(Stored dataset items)
++++
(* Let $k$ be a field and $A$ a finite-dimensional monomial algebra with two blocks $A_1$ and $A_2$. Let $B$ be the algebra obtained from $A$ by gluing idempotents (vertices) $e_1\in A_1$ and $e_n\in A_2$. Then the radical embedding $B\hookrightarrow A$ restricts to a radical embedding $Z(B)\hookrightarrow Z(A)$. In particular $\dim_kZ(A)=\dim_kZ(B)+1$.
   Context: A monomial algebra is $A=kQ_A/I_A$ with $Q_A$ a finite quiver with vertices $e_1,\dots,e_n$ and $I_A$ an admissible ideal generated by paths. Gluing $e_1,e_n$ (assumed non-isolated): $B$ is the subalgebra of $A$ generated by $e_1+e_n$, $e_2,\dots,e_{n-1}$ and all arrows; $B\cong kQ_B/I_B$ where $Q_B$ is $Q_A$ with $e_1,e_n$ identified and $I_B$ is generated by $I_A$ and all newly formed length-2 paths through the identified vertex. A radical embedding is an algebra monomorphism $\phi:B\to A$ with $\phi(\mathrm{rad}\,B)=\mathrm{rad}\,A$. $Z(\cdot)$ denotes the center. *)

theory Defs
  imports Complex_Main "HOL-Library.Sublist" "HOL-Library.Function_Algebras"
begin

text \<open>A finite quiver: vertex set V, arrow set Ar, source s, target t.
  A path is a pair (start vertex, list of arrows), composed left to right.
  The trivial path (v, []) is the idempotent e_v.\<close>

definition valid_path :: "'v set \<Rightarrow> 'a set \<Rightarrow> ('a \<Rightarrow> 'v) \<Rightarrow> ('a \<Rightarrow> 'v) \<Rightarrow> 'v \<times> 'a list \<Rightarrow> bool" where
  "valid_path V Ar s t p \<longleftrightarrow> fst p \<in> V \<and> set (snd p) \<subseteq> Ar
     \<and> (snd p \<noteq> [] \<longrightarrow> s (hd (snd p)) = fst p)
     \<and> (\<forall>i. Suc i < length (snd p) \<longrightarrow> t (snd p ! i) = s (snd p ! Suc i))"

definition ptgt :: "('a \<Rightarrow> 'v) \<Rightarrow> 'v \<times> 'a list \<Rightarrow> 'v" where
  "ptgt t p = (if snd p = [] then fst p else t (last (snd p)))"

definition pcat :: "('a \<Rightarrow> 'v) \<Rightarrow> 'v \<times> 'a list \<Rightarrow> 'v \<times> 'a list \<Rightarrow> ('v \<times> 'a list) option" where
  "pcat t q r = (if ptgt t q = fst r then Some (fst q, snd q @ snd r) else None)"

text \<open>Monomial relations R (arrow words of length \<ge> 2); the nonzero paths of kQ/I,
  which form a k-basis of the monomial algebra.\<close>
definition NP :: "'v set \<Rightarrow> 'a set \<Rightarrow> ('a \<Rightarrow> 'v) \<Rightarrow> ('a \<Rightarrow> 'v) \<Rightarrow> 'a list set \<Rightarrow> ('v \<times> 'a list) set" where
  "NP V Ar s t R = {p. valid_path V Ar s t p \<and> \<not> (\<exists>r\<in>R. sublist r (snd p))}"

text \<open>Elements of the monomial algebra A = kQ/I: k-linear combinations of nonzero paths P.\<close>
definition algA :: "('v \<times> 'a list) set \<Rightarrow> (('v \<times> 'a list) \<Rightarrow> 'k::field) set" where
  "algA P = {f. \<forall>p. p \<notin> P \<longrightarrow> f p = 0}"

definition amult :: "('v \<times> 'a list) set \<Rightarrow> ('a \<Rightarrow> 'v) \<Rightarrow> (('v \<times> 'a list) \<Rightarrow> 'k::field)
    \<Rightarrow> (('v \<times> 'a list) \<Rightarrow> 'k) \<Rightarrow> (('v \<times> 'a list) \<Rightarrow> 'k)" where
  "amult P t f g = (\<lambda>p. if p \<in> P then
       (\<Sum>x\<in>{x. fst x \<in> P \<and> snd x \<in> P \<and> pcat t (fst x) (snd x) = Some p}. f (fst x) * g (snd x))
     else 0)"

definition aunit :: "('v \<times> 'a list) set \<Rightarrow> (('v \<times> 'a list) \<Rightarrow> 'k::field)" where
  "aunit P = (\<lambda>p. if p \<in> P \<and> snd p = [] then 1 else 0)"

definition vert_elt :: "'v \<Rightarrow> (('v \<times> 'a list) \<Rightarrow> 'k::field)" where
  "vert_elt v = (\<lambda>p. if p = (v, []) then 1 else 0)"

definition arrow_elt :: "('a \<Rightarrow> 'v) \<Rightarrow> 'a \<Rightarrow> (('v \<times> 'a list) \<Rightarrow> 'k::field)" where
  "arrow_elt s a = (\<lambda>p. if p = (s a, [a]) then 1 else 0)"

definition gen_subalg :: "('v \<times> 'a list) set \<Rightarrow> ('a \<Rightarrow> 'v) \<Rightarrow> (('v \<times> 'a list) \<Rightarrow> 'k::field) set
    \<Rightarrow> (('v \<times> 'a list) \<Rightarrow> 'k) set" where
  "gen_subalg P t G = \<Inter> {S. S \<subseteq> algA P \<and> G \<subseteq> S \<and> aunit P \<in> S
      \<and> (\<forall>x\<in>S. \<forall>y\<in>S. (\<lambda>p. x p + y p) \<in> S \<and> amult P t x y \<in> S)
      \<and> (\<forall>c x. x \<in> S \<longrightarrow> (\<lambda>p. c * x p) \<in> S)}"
++++
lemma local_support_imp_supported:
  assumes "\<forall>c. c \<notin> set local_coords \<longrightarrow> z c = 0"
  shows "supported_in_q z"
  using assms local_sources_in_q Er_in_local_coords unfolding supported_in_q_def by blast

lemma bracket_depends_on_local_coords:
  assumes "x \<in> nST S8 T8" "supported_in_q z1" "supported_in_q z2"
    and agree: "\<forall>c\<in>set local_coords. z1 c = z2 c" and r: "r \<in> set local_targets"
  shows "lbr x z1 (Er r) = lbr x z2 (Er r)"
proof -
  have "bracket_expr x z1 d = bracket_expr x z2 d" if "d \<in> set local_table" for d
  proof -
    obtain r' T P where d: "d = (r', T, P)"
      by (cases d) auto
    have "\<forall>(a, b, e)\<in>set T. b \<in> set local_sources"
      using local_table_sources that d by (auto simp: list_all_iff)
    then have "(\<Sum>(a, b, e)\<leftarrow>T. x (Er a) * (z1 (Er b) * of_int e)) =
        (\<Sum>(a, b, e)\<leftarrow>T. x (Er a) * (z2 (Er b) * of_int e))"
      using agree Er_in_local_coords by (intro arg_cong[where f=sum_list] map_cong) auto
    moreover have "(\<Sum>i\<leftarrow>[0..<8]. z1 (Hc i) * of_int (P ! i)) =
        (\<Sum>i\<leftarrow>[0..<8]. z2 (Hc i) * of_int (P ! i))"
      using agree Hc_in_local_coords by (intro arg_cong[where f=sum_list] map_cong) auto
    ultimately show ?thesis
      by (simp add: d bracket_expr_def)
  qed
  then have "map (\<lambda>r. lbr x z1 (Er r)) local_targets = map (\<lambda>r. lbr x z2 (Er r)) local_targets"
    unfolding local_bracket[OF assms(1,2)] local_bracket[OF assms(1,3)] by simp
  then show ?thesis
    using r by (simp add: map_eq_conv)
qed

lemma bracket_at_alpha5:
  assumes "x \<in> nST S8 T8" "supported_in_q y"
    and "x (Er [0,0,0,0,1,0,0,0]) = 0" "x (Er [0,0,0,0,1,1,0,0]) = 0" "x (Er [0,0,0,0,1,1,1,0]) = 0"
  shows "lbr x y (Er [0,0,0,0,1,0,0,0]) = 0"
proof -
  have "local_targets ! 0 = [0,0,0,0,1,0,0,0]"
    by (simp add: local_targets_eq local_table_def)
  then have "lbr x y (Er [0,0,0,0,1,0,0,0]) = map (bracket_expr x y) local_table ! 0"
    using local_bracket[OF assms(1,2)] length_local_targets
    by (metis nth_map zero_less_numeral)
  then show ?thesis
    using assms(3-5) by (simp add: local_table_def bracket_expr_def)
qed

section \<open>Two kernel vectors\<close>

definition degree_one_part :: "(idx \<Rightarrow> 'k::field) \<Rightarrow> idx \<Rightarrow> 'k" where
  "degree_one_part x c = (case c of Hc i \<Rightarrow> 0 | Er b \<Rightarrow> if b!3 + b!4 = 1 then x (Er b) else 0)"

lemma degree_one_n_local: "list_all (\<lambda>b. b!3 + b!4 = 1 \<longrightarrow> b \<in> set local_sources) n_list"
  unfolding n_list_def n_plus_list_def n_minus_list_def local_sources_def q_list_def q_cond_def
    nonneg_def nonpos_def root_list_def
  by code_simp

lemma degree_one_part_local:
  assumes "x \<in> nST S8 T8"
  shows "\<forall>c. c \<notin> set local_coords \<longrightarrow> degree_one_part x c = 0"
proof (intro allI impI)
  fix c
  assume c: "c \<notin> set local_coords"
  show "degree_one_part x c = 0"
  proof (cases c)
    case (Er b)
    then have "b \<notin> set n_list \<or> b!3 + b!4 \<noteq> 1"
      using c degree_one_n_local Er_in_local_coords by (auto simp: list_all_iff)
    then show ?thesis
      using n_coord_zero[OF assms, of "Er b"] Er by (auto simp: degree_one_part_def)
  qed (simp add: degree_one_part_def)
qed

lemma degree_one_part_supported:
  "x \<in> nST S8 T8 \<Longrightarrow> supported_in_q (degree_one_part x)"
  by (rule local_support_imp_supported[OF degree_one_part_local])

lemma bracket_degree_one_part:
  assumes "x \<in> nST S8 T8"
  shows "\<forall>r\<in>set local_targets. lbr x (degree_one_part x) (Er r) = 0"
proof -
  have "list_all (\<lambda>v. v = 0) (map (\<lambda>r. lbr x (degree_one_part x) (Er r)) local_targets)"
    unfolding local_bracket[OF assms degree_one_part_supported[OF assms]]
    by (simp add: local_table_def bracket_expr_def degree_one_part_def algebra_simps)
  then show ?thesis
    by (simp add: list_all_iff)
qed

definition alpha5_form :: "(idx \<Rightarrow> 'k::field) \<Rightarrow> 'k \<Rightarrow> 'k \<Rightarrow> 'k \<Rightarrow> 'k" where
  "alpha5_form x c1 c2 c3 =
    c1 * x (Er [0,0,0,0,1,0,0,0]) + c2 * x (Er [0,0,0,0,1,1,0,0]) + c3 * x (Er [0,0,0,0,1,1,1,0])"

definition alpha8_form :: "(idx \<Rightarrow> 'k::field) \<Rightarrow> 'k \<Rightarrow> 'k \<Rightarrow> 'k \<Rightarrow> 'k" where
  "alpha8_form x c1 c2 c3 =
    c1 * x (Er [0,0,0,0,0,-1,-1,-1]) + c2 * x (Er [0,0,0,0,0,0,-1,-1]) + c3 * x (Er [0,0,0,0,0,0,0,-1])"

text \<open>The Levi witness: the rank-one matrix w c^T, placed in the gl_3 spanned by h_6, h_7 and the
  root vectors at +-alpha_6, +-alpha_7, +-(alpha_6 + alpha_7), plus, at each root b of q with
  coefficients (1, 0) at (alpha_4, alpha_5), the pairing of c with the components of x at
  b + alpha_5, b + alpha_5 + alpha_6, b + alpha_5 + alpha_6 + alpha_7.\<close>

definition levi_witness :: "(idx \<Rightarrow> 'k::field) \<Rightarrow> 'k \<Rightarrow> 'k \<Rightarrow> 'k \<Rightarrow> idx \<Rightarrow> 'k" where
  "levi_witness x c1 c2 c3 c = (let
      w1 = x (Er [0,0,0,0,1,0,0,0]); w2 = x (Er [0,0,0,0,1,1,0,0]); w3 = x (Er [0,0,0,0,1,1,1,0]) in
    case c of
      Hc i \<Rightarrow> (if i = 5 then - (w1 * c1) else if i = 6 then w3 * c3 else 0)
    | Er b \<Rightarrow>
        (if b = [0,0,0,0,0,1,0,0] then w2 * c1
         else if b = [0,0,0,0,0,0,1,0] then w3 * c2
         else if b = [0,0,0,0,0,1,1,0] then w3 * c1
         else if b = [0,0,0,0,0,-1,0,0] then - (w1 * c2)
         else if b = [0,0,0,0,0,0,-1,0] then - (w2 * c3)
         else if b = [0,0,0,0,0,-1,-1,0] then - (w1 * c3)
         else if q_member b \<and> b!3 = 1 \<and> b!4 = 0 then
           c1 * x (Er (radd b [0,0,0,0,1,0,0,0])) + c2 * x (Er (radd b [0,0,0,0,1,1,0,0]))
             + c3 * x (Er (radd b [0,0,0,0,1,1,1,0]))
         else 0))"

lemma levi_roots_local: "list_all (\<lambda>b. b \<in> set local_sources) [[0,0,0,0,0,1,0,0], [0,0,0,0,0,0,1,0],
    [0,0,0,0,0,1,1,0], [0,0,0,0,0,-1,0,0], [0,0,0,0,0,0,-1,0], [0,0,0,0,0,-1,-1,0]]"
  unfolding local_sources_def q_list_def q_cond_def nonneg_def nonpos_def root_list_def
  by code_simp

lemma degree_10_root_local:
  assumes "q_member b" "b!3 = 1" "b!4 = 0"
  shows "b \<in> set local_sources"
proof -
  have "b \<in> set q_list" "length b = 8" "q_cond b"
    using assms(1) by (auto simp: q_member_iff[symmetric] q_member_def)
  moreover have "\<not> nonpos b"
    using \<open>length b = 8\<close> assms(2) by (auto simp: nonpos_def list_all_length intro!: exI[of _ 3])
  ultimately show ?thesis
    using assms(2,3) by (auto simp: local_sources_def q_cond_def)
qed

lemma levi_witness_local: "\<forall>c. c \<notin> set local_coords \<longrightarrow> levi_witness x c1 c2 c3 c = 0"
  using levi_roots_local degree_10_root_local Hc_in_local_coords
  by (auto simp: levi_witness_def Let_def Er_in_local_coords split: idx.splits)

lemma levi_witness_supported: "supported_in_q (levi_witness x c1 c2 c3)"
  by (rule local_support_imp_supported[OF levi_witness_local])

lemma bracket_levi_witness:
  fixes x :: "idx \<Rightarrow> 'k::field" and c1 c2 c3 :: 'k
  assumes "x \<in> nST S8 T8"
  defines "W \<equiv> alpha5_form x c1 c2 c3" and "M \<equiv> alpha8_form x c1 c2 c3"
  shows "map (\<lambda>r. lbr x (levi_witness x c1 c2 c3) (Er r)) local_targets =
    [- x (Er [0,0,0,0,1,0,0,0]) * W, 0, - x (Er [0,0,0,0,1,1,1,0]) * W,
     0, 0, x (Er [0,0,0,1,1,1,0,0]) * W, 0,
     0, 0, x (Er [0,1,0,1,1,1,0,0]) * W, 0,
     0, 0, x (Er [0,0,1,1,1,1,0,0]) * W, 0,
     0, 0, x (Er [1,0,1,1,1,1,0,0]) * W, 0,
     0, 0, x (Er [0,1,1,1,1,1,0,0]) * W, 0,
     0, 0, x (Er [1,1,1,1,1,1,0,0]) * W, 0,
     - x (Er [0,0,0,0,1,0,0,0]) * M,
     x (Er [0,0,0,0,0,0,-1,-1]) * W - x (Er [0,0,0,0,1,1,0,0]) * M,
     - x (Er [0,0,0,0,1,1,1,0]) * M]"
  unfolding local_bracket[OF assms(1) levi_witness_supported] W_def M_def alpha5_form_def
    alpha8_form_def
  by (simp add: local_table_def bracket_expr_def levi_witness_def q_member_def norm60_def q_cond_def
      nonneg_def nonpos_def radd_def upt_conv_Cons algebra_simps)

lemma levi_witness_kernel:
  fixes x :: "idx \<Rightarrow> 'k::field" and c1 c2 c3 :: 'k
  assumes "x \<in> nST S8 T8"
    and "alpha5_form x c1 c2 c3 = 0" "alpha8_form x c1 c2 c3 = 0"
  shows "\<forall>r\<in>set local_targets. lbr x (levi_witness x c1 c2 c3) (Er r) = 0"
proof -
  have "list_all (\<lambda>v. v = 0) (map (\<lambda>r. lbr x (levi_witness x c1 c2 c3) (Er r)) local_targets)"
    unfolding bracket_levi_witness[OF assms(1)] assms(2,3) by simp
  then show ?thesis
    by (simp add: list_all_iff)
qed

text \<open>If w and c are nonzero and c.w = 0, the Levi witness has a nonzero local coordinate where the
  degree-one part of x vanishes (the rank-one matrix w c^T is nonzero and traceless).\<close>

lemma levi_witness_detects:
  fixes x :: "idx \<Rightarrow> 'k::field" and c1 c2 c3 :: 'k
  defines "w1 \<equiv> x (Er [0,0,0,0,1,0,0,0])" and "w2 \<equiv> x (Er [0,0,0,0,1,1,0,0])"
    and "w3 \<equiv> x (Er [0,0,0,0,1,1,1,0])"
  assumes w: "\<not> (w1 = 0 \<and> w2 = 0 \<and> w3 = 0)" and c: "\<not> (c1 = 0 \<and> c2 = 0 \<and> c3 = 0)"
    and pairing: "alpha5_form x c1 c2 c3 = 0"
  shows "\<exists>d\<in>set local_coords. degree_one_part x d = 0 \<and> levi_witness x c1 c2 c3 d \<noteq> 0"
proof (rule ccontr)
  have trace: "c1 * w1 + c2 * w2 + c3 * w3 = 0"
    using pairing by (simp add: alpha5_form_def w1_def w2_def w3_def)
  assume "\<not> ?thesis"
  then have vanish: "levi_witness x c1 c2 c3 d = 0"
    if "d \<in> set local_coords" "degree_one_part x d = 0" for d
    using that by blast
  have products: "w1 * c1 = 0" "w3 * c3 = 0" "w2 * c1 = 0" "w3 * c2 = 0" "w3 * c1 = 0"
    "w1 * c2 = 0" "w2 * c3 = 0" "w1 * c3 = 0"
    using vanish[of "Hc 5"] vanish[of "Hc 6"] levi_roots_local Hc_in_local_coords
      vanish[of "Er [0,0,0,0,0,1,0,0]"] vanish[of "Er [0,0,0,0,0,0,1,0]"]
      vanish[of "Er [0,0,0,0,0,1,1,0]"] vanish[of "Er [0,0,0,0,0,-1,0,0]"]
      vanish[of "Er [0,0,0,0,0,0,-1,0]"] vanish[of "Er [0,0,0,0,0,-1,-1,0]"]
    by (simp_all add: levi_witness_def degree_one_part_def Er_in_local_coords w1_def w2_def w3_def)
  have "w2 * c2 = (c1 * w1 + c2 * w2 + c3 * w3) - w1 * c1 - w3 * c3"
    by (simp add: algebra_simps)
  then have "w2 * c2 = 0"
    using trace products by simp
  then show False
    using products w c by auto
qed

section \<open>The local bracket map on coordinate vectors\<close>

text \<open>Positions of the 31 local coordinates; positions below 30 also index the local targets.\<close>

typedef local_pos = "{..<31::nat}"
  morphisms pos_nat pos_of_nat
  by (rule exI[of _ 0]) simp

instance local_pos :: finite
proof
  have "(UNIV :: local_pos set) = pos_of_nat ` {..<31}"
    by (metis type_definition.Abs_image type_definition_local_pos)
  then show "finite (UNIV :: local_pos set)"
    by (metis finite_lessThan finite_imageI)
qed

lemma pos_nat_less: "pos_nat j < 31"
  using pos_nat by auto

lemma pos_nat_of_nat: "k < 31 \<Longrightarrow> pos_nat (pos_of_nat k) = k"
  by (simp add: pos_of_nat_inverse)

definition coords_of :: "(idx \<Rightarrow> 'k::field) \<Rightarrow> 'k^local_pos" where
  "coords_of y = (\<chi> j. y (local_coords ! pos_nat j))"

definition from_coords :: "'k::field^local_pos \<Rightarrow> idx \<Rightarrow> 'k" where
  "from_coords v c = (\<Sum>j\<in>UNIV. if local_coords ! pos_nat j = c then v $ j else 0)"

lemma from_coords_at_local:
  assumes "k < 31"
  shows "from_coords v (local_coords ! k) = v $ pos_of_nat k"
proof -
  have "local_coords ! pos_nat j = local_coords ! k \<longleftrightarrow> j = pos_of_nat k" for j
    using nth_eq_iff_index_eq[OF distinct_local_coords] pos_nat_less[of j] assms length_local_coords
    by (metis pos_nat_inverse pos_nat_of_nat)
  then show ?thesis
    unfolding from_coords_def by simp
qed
++++
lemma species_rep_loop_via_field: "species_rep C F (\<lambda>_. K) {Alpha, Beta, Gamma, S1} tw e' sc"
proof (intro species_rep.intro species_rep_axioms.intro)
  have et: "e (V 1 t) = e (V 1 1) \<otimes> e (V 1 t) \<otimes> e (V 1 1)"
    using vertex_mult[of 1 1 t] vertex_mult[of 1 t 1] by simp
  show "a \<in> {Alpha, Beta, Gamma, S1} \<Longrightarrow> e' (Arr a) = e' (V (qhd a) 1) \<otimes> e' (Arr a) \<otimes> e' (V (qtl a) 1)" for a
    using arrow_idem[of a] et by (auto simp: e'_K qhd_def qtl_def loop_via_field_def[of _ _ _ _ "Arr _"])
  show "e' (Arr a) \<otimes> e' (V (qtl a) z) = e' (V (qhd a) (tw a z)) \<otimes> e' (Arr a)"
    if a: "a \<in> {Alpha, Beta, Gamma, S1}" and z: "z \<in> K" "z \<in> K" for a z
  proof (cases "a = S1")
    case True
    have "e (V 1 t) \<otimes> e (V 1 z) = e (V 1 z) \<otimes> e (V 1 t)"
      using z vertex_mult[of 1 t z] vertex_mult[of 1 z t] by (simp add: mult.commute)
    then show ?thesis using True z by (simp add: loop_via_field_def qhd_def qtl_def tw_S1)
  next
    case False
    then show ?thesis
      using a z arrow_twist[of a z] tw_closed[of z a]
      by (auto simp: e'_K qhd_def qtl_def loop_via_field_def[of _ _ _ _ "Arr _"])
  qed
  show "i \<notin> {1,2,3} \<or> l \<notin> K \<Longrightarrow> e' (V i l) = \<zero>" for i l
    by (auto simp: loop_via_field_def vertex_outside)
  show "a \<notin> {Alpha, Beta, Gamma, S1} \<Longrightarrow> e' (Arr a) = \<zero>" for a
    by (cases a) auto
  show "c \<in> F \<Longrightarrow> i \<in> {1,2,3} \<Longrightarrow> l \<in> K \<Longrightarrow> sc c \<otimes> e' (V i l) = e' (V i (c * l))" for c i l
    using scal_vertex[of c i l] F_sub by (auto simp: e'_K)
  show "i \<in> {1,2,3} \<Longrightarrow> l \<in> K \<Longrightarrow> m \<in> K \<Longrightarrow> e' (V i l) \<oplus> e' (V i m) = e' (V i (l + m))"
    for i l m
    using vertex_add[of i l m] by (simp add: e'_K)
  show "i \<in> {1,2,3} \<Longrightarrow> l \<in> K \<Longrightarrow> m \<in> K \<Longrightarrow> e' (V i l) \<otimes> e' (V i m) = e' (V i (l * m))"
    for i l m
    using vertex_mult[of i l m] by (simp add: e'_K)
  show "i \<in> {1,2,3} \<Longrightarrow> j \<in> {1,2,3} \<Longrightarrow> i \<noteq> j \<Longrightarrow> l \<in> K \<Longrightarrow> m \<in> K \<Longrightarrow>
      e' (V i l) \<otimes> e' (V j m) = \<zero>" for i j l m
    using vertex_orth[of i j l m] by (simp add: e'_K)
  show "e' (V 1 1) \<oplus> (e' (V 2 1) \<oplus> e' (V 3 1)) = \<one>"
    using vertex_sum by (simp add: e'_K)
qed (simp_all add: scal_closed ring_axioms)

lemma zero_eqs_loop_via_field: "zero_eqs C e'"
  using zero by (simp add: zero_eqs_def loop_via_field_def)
++++
EXERCISE DETAILS: Which lines above include the string "vectors"? Show them.

ANSWER TO THIS PROBLEM:
section \<open>Two kernel vectors\<close>
  root vectors at +-alpha_6, +-alpha_7, +-(alpha_6 + alpha_7), plus, at each root b of q with
section \<open>The local bracket map on coordinate vectors\<close>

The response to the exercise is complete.